--- RECORDS FOR THE TASK Enclosed Below ---
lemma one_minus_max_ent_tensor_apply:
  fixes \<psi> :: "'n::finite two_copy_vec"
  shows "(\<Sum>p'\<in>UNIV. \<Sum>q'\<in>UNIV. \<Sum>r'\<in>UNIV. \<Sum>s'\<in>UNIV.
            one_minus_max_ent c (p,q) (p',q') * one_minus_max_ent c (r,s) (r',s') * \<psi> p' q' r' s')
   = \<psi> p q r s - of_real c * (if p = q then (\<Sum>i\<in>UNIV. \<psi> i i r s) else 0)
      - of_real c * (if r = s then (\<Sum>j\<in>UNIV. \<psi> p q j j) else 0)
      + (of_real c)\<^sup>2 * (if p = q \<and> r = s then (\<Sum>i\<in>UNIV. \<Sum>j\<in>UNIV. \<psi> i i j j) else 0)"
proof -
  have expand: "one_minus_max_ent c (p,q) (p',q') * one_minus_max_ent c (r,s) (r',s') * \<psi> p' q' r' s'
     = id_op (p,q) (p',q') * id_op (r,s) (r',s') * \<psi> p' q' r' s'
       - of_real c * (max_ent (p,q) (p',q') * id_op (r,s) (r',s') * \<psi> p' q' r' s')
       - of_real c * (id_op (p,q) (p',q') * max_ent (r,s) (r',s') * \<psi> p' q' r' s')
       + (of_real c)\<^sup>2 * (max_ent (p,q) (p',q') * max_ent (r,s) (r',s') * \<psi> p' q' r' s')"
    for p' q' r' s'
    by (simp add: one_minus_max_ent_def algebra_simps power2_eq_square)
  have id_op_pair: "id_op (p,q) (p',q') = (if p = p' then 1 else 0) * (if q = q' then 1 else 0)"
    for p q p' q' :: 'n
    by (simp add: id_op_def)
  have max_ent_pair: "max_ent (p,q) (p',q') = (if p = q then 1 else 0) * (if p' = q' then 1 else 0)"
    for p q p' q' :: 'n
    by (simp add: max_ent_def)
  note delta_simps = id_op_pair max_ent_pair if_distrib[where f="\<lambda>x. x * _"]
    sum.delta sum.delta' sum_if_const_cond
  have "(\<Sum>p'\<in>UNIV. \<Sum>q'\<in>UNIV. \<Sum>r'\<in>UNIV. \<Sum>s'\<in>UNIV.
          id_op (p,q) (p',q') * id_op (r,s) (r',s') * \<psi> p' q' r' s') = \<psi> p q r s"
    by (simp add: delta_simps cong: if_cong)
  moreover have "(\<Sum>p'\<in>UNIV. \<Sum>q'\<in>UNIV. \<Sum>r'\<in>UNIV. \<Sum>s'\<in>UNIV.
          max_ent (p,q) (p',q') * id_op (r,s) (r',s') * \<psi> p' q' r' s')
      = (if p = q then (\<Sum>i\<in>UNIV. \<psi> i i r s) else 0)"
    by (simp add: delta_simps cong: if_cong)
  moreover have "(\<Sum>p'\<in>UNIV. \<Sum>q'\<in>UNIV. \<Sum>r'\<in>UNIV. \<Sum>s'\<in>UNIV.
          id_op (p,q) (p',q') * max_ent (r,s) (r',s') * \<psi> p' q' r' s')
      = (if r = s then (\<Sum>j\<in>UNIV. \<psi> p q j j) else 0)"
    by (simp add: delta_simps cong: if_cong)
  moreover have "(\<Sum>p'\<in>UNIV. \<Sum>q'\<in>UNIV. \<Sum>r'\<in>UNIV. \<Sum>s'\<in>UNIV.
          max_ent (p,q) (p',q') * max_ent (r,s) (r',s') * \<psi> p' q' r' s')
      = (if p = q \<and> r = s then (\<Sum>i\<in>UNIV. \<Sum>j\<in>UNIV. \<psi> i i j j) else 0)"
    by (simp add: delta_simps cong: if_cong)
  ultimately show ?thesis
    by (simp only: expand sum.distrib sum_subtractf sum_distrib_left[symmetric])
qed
--- End of Enclosed RECORDS FOR THE TASK ---
--- RECORDS FOR THE TASK Enclosed Below ---
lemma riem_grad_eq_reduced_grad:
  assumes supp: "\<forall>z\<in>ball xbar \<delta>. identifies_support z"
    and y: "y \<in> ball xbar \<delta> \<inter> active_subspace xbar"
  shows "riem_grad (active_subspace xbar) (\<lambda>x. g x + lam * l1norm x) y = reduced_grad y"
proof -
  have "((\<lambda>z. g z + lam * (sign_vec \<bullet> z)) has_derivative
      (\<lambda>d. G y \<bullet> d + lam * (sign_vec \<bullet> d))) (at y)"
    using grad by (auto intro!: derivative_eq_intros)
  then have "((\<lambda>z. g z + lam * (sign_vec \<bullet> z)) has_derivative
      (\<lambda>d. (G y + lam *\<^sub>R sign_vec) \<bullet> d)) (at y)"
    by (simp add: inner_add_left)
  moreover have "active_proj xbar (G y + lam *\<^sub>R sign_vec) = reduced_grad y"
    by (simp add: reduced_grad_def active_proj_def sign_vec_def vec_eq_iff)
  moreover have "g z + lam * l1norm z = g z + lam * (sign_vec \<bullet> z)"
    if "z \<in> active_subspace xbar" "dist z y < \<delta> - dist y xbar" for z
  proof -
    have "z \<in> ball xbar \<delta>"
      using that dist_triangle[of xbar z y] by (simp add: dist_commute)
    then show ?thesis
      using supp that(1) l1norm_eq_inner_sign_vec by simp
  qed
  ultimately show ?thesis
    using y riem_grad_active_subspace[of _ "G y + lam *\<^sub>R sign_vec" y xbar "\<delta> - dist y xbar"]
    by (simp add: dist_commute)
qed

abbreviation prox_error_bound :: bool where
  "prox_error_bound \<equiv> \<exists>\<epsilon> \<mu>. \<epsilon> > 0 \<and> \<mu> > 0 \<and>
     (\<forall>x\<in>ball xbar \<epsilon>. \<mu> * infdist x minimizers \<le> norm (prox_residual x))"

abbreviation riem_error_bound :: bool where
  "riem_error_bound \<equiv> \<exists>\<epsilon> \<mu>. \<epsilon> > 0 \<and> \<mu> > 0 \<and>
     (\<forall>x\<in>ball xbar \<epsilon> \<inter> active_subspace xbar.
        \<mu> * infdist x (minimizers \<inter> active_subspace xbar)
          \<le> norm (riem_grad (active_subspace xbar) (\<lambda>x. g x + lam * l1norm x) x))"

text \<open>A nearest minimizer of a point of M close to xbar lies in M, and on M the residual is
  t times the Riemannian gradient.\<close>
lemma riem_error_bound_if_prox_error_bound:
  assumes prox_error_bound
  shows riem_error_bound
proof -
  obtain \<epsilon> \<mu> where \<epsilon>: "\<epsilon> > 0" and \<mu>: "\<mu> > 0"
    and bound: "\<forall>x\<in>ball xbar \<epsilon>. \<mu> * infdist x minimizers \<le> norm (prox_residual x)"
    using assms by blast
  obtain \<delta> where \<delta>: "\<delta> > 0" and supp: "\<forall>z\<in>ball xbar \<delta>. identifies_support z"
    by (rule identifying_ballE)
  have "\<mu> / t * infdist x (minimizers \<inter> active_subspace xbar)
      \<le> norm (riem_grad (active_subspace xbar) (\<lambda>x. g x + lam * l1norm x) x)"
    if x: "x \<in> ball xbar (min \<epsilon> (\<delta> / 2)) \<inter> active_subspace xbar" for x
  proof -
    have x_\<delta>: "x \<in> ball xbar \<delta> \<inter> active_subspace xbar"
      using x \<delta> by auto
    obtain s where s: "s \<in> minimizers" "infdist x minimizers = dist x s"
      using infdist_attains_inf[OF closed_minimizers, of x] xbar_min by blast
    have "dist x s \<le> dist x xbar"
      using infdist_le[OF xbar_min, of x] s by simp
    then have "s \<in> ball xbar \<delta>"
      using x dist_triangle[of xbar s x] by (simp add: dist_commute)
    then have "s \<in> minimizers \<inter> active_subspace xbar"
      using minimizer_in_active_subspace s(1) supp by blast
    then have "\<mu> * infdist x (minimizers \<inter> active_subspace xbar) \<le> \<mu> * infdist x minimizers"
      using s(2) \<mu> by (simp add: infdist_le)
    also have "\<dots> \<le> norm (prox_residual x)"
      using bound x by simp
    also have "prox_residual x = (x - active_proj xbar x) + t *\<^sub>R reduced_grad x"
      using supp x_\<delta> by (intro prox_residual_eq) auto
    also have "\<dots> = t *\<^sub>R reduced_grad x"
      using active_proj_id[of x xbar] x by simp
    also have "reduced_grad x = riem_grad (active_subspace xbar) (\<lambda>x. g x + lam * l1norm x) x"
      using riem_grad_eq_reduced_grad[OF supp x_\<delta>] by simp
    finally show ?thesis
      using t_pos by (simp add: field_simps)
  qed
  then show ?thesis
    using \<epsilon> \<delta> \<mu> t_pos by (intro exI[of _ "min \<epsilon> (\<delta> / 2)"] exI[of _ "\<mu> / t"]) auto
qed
--- End of Enclosed RECORDS FOR THE TASK ---
__WHAT YOU WILL DO__: Write down how many lines in the data contain "epsilon". Add nothing else.

__RESULT FOR THIS EXERCISE__: 8